Miami Mayor: Beaches are Safe From Zika

Health officials have been scrambling to get a handle on the Zika virus as a total of 14 cases likely transmitted by local mosquitoes have been identified in Florida. The U.S. Centers for Disease Control and Prevention (CDC) sent an emergency team to the Miami area to assist with its investigation of the outbreak.                          

Miami-Dade County Mayor Carlos Gimenez said on FOX Business Network’s Cavuto: Coast-to-Coast that he hopes to isolate the virus to a one-square-mile area in the Wynwood Arts District of Miami.

“The State of Florida Health Department has been testing people around the area. The good news is yesterday’s batch of urine tests came back negative, so we are continuing to focus in on Wynwood,” Gimenez said.

A majority of the Wynwood residents are made up of a large Puerto Rican and Southern American population who may have picked up the Zika virus from their travels to their homeland.

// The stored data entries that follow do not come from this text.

lemma greedy_runs_Suc_new_last:
  assumes inv: "greedy_runs w K rs" and "1 \<le> K" and asc: "pred_precedes w K"
    and state: "scan w K = (c, True, b)"
  shows "greedy_runs w (Suc K) (rs @ [[K]])"
proof (rule greedy_runs_SucI[OF inv _ _ _ _ _ _ _ _, of "concat rs" "[]"])
  show "K \<in> set w" "K - 1 \<in> set (concat rs) \<longleftrightarrow> pred_precedes w K"
    using inv asc pred_precedes_imp_mem[OF asc] assms(2) by (auto simp: greedy_runs_def)
  show "\<forall>r\<in>set (rs @ [[K]]). is_run r"
    using inv is_run_upt[of K "Suc K"] by (auto simp: greedy_runs_def)
  have "scan w (Suc K) = (Suc c, False, False)"
    using scan_Suc[OF assms(2)] state asc pred_precedes_imp_mem[OF asc] by simp
  then show "length (rs @ [[K]]) = fst (scan w (Suc K))"
    using inv state by (simp add: greedy_runs_def)
  show "\<not> fst (snd (scan w (Suc K))) \<longrightarrow> (\<exists>A B i. i < Suc K \<and> rs @ [[K]] = A @ [[i..<Suc K]] @ B)"
    "\<not> snd (snd (scan w (Suc K))) \<longrightarrow> (\<exists>A B i. i < Suc K \<and> rs @ [[K]] = A @ [rev [i..<Suc K]] @ B)"
    by (intro impI exI[of _ rs] exI[of _ "[]"] exI[of _ K]; simp)+
qed simp_all

lemma greedy_runs_Suc_extend_increasing:
  assumes inv: "greedy_runs w K rs" and "1 \<le> K" and asc: "pred_precedes w K"
    and state: "scan w K = (c, False, b)"
  obtains rs' where "greedy_runs w (Suc K) rs'"
proof -
  obtain A B i where i: "i < K" and rs: "rs = A @ [[i..<K]] @ B"
    using inv state by (auto simp: greedy_runs_def)
  let ?rs' = "A @ [[i..<Suc K]] @ B"
  have "greedy_runs w (Suc K) ?rs'"
  proof (rule greedy_runs_SucI[OF inv _ _ _ _ _ _ _ _, of "concat A @ [i..<K]" "concat B"])
    show "K \<in> set w"
      using pred_precedes_imp_mem[OF asc] by blast
    show "K - 1 \<in> set (concat A @ [i..<K]) \<longleftrightarrow> pred_precedes w K"
      using i asc by auto
    show "\<forall>r\<in>set ?rs'. is_run r"
      using inv is_run_upt[of i "Suc K"] i by (auto simp: greedy_runs_def rs)
    have "scan w (Suc K) = (c, False, True)"
      using scan_Suc[OF assms(2)] state asc pred_precedes_imp_mem[OF asc] by simp
    then show "length ?rs' = fst (scan w (Suc K))"
      "\<not> snd (snd (scan w (Suc K))) \<longrightarrow> (\<exists>A B i. i < Suc K \<and> ?rs' = A @ [rev [i..<Suc K]] @ B)"
      using inv state by (simp_all add: greedy_runs_def rs)
    show "\<not> fst (snd (scan w (Suc K))) \<longrightarrow> (\<exists>A' B' i'. i' < Suc K \<and> ?rs' = A' @ [[i'..<Suc K]] @ B')"
      using i by (intro impI exI[of _ A] exI[of _ B] exI[of _ i]) simp
  qed (use i in \<open>simp_all add: rs\<close>)
  then show ?thesis ..
qed

lemma greedy_runs_Suc_new_first:
  assumes inv: "greedy_runs w K rs" and "1 \<le> K" "K \<in> set w" and desc: "\<not> pred_precedes w K"
    and state: "scan w K = (c, a, True)"
  shows "greedy_runs w (Suc K) ([K] # rs)"
proof (rule greedy_runs_SucI[OF inv assms(3) _ _ _ _ _ _ _, of "[]" "concat rs"])
  show "\<forall>r\<in>set ([K] # rs). is_run r"
    using inv is_run_upt[of K "Suc K"] by (auto simp: greedy_runs_def)
  have "scan w (Suc K) = (Suc c, False, False)"
    using scan_Suc[OF assms(2)] state assms(3) desc by simp
  then show "length ([K] # rs) = fst (scan w (Suc K))"
    using inv state by (simp add: greedy_runs_def)
  show "\<not> fst (snd (scan w (Suc K))) \<longrightarrow> (\<exists>A B i. i < Suc K \<and> [K] # rs = A @ [[i..<Suc K]] @ B)"
    "\<not> snd (snd (scan w (Suc K))) \<longrightarrow> (\<exists>A B i. i < Suc K \<and> [K] # rs = A @ [rev [i..<Suc K]] @ B)"
    by (intro impI exI[of _ "[]"] exI[of _ rs] exI[of _ K]; simp)+
qed (simp_all add: desc)

lemma greedy_runs_Suc_extend_decreasing:
  assumes inv: "greedy_runs w K rs" and "1 \<le> K" "K \<in> set w" and desc: "\<not> pred_precedes w K"
    and state: "scan w K = (c, a, False)"
  obtains rs' where "greedy_runs w (Suc K) rs'"
proof -
  obtain A B i where i: "i < K" and rs: "rs = A @ [rev [i..<K]] @ B"
    using inv state by (auto simp: greedy_runs_def)
  let ?rs' = "A @ [rev [i..<Suc K]] @ B"
  have "distinct (concat A @ rev [i..<K] @ concat B)"
    using inv by (simp add: greedy_runs_def rs)
  moreover have "K - 1 \<in> set (rev [i..<K])"
    using i by auto
  ultimately have "K - 1 \<notin> set (concat A)"
    by auto
  have "greedy_runs w (Suc K) ?rs'"
  proof (rule greedy_runs_SucI[OF inv assms(3) _ _ _ _ _ _ _, of "concat A" "rev [i..<K] @ concat B"])
    show "K - 1 \<in> set (concat A) \<longleftrightarrow> pred_precedes w K"
      using \<open>K - 1 \<notin> set (concat A)\<close> desc by blast
    show "\<forall>r\<in>set ?rs'. is_run r"
      using inv is_run_rev_upt[of i "Suc K"] i by (auto simp: greedy_runs_def rs)
    have "scan w (Suc K) = (c, True, False)"
      using scan_Suc[OF assms(2)] state assms(3) desc by simp
    then show "length ?rs' = fst (scan w (Suc K))"
      "\<not> fst (snd (scan w (Suc K))) \<longrightarrow> (\<exists>A B i. i < Suc K \<and> ?rs' = A @ [[i..<Suc K]] @ B)"
      using inv state by (simp_all add: greedy_runs_def rs)
    show "\<not> snd (snd (scan w (Suc K))) \<longrightarrow> (\<exists>A' B' i'. i' < Suc K \<and> ?rs' = A' @ [rev [i'..<Suc K]] @ B')"
      using i by (intro impI exI[of _ A] exI[of _ B] exI[of _ i]) simp
  qed (use i in \<open>simp_all add: rs\<close>)
  then show ?thesis ..
qed

lemma greedy_runs_exist:
  assumes "0 \<notin> set w" "1 \<le> K"
  shows "\<exists>rs. greedy_runs w K rs"
  using assms(2)
proof (induction K rule: nat_induct_at_least)
  case base
  show ?case
    using greedy_runs_1[OF assms(1)] ..
next
  case (Suc K)
  then obtain rs where inv: "greedy_runs w K rs"
    by blast
  obtain c a b where state: "scan w K = (c, a, b)"
    by (metis prod_cases3)
  consider "K \<notin> set w" | "pred_precedes w K" | "K \<in> set w" "\<not> pred_precedes w K"
    by blast
  then show ?case
  proof cases
    case 1
    then show ?thesis
      using greedy_runs_Suc_absent[OF inv Suc.hyps] by blast
  next
    case 2
    then show ?thesis
      using greedy_runs_Suc_new_last[OF inv Suc.hyps, of c b]
        greedy_runs_Suc_extend_increasing[OF inv Suc.hyps, of c b] state
      by (cases a) auto
  next
    case 3
    then show ?thesis
      using greedy_runs_Suc_new_first[OF inv Suc.hyps, of c a]
        greedy_runs_Suc_extend_decreasing[OF inv Suc.hyps, of c a] state
      by (cases b) auto
  qed
qed

lemma reduced_run_factorisation_exists:
  assumes "reduced_word n v w" "distinct w"
  shows "\<exists>rs. length rs = fst (scan w n) \<and> (\<forall>r\<in>set rs. is_run r) \<and> reduced_word n v (concat rs)"
proof (cases "n = 0")
  case True
  then show ?thesis
    using assms(1) by (intro exI[of _ "[]"]) (auto simp: reduced_word_def is_word_def)
next
  case False
  have letters: "set w \<subseteq> {1..<n}"
    using assms(1) by (simp add: reduced_word_def is_word_def)
  then obtain rs where inv: "greedy_runs w n rs"
    using greedy_runs_exist[of w n] False by fastforce
  let ?r = "concat rs"
  have dist: "distinct ?r" and "set ?r = {j \<in> set w. j < n}"
    using inv by (simp_all add: greedy_runs_def)
  then have same_letters: "set ?r = set w"
    using letters by auto
  have "pred_precedes ?r j = pred_precedes w j" for j
  proof (cases "j < n")
    case False
    then have "j \<notin> set ?r" "j \<notin> set w"
      using same_letters letters by auto
    then show ?thesis
      using pred_precedes_imp_mem by blast
  qed (use inv in \<open>simp add: greedy_runs_def\<close>)
  then have "word_perm ?r = word_perm w"
    using word_perm_eq_if_same_precedences[OF dist assms(2) same_letters] by blast
  moreover have "length ?r = length w"
    using dist assms(2) same_letters by (metis distinct_card)
  ultimately have "reduced_word n v ?r"
    using assms(1) same_letters by (simp add: reduced_word_def is_word_def)
  then show ?thesis
    using inv by (auto simp: greedy_runs_def)
qed

lemma lambda_row_2_le_length_runs:
  assumes "boolean_perm n v" "\<forall>r\<in>set rs. is_run r" "reduced_word n v (concat rs)"
  shows "lambda_row n v 2 \<le> length rs"
proof -
  have dist: "distinct (concat rs)"
    using assms(1,3) by (simp add: boolean_perm_def)
  have letters: "set (concat rs) \<subseteq> {1..<n}" and "word_perm (concat rs) = v"
    using assms(3) by (auto simp: reduced_word_def is_word_def)
  then have "lambda_row n v 2 = fst (scan (concat rs) n)"
    using dist lambda_row_2_eq_scan by blast
  also have "\<dots> \<le> length rs"
    using scan_le_length_runs[OF assms(2) dist letters] .
  finally show ?thesis .
qed

theorem theorem6p4:
  fixes n :: nat and v :: "nat \<Rightarrow> nat"
  assumes "v permutes {1..n}"
    and "boolean_perm n v"
  shows "lambda_row n v 2 = run_num n v"
proof -
  obtain w where w: "reduced_word n v w"
    using reduced_word_exists[OF assms(1)] ..
  then have dist: "distinct w"
    using assms(2) by (simp add: boolean_perm_def)
  then have lambda: "lambda_row n v 2 = fst (scan w n)"
    using w lambda_row_2_eq_scan by (auto simp: reduced_word_def is_word_def)
  have "run_num n v = lambda_row n v 2"
    unfolding run_num_def
  proof (rule Least_equality)
    show "\<exists>rs. length rs = lambda_row n v 2 \<and> (\<forall>r\<in>set rs. is_run r) \<and> reduced_word n v (concat rs)"
      using reduced_run_factorisation_exists[OF w dist] lambda by simp
  next
    show "lambda_row n v 2 \<le> k"
      if "\<exists>rs. length rs = k \<and> (\<forall>r\<in>set rs. is_run r) \<and> reduced_word n v (concat rs)" for k
      using that lambda_row_2_le_length_runs[OF assms(2)] by blast
  qed
  then show ?thesis
    by simp
qed

end
(* Let $d\ge 2$, let $r=\sin\!\left(\frac{2\pi}{(d-1)d^2}\right)$, fix $\alpha\in(0,1)$ and put $$\beta=\frac{r^{\frac{(d-1)d}{2}}\left(\frac{d-1}{2d}\right)^d\frac{2}{d-1}}{\prod_{k=1}^{d-1}(r^k+1)}.$$ Then there is a map $R:\mathbb R^{6d-3}\to\mathcal P_d$ (depending only on $d$ and $\alpha$) with the following property. For every nonzero $p\in\mathcal P_d$ and every $\epsilon\in\mathbb R^{6d-3}$ with $\|\epsilon\|_\infty\le\frac{\alpha(\beta\|p\|)^2}{2d-1}$, the polynomial $\tilde p=R(\widetilde{\mathcal A}(p,\epsilon))$ satisfies $$\rho([p],[\tilde p])\le\left(\frac{2+\sqrt2}{\beta^2(1-\alpha)}\,\frac{d-d\tilde C-1+\tilde C^d}{1-\tilde C}\,\sqrt d+\frac{1-\tilde C^d}{2\beta\sqrt{\frac{1}{\sqrt d}(1-\alpha)}}\right)\frac{d(2d-1)}{1-\tilde C}\,\frac{\|\epsilon\|_\infty}{\|p\|},$$ where $\tilde C=\frac{(1+\sqrt2)(2d-1)\|\epsilon\|_\infty+d\|p\|^2}{(\beta\|p\|)^2(1-\alpha)}$.
   Context: $\mathcal P_d$ is the space of complex polynomials of degree at most $d-1$, regarded as functions on the unit circle $\mathbb T=\{z\in\mathbb C:|z|=1\}$, with inner product $\langle p,q\rangle=\frac1{2\pi}\int_0^{2\pi}p(e^{it})\overline{q(e^{it})}\,dt$. Thus if $p(z)=\sum_{j=0}^{d-1}c_jz^j$ then $\|p\|=\|p\|_2=(\sum_j|c_j|^2)^{1/2}$. Let $\omega=e^{2\pi i/(2d-1)}$ and $\nu=e^{2\pi i/d}$. The magnitude measurement map $\mathcal A:\mathcal P_d\to\mathbb R^{6d-3}$ is $(\mathcal A(p))_j=|p(\omega^j)|^2$ for $1\le j\le 2d-1$, $(\mathcal A(p))_j=|p(\omega^j)-p(\omega^j\nu)|^2$ for $2d\le j\le 4d-2$, and $(\mathcal A(p))_j=|p(\omega^j)-ip(\omega^j\nu)|^2$ for $4d-1\le j\le 6d-3$. For $\epsilon\in\mathbb R^{6d-3}$ the noisy measurements are $\widetilde{\mathcal A}(p,\epsilon)=\mathcal A(p)+\epsilon$, and $\|\epsilon\|_\infty=\max_j|\epsilon_j|$. For $p\in\mathcal P_d$, $[p]=\{cp:|c|=1\}$, and $\rho([p],[q])=\min_{|c|=1}\|p-cq\|$. *)

theory Defs
  imports "HOL-Analysis.Analysis" "HOL-Computational_Algebra.Polynomial"
begin

definition Pd :: "nat \<Rightarrow> complex poly set" where
  "Pd d = {p. degree p < d}"

text \<open>L2 norm on the circle = l2 norm of the coefficient vector.\<close>
definition pnorm :: "complex poly \<Rightarrow> real" where
  "pnorm p = sqrt (\<Sum>j\<le>degree p. (cmod (coeff p j))\<^sup>2)"

definition rho :: "complex poly \<Rightarrow> complex poly \<Rightarrow> real" where
  "rho p q = (INF c\<in>{c::complex. cmod c = 1}. pnorm (p - smult c q))"

definition omg :: "nat \<Rightarrow> complex" where
  "omg d = cis (2 * pi / real (2 * d - 1))"

definition nu :: "nat \<Rightarrow> complex" where
  "nu d = cis (2 * pi / real d)"

definition meas :: "nat \<Rightarrow> complex poly \<Rightarrow> nat \<Rightarrow> real" where
  "meas d p j =
    (if 1 \<le> j \<and> j \<le> 2*d - 1 then (cmod (poly p (omg d ^ j)))\<^sup>2
     else if 2*d \<le> j \<and> j \<le> 4*d - 2 then
       (cmod (poly p (omg d ^ j) - poly p (omg d ^ j * nu d)))\<^sup>2
     else if 4*d - 1 \<le> j \<and> j \<le> 6*d - 3 then
       (cmod (poly p (omg d ^ j) - \<i> * poly p (omg d ^ j * nu d)))\<^sup>2
     else 0)"

definition noisy_meas :: "nat \<Rightarrow> complex poly \<Rightarrow> (nat \<Rightarrow> real) \<Rightarrow> nat \<Rightarrow> real" where
  "noisy_meas d p eps j = (if 1 \<le> j \<and> j \<le> 6*d - 3 then meas d p j + eps j else 0)"

definition sup_norm :: "nat \<Rightarrow> (nat \<Rightarrow> real) \<Rightarrow> real" where
  "sup_norm d eps = Max ((\<lambda>j. \<bar>eps j\<bar>) ` {1..6*d - 3})"

definition rr :: "nat \<Rightarrow> real" where
  "rr d = sin (2 * pi / (real (d - 1) * real d ^ 2))"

“The reason that we have so many cases of travel related Zika in Miami is that we have 60% of the people in Miami-Dade were born somewhere else and a lot them travel back and forth between their native countries and Miami," he said.

According to the CDC, many people infected with the Zika virus won’t have symptoms or will only have mild symptom that can last for several days to a week. The most common symptoms of Zika are fever, rash, joint pain and conjunctivitis (red eyes).

Dr. Anthony Fauci, the director of the National Institute of Allergy and Infectious Diseases, told FOX Business Network’s Liz Claman on Monday that a virus outbreak across America is unlikely, but the challenge is preventing pockets of outbreaks from spreading further.

“There will be pockets in the country, such as what we’re seeing in Florida now and what we might see in Texas and other Gulf Coast states, where you could have an outbreak that hangs around and is sustained for several months or longer,” Fauci said.

The mayor hopes to quickly eradicate the virus and has extended its adulticide aerial spraying to 10 square miles and two square miles of larvaecide spraying in the next couple of days.

“We have to continue [having] are guard up and we are giving the same message to all our residents, and basically is, if you are going outside, especially during the early morning and early evening hours, when the mosquitos are active, to wear long clothing and use some mosquito repellent,” Gimenez told host Charles Payne.

Mayor Gimenez said the biggest tourist destinations, such as Miami Beach, are relatively safe due to the prevailing breezes that keep the mosquitos away.

“Zika really only affects a small percentage of people. Most people that actually get bit and have the disease or catch the virus don’t even know they have it,” he said.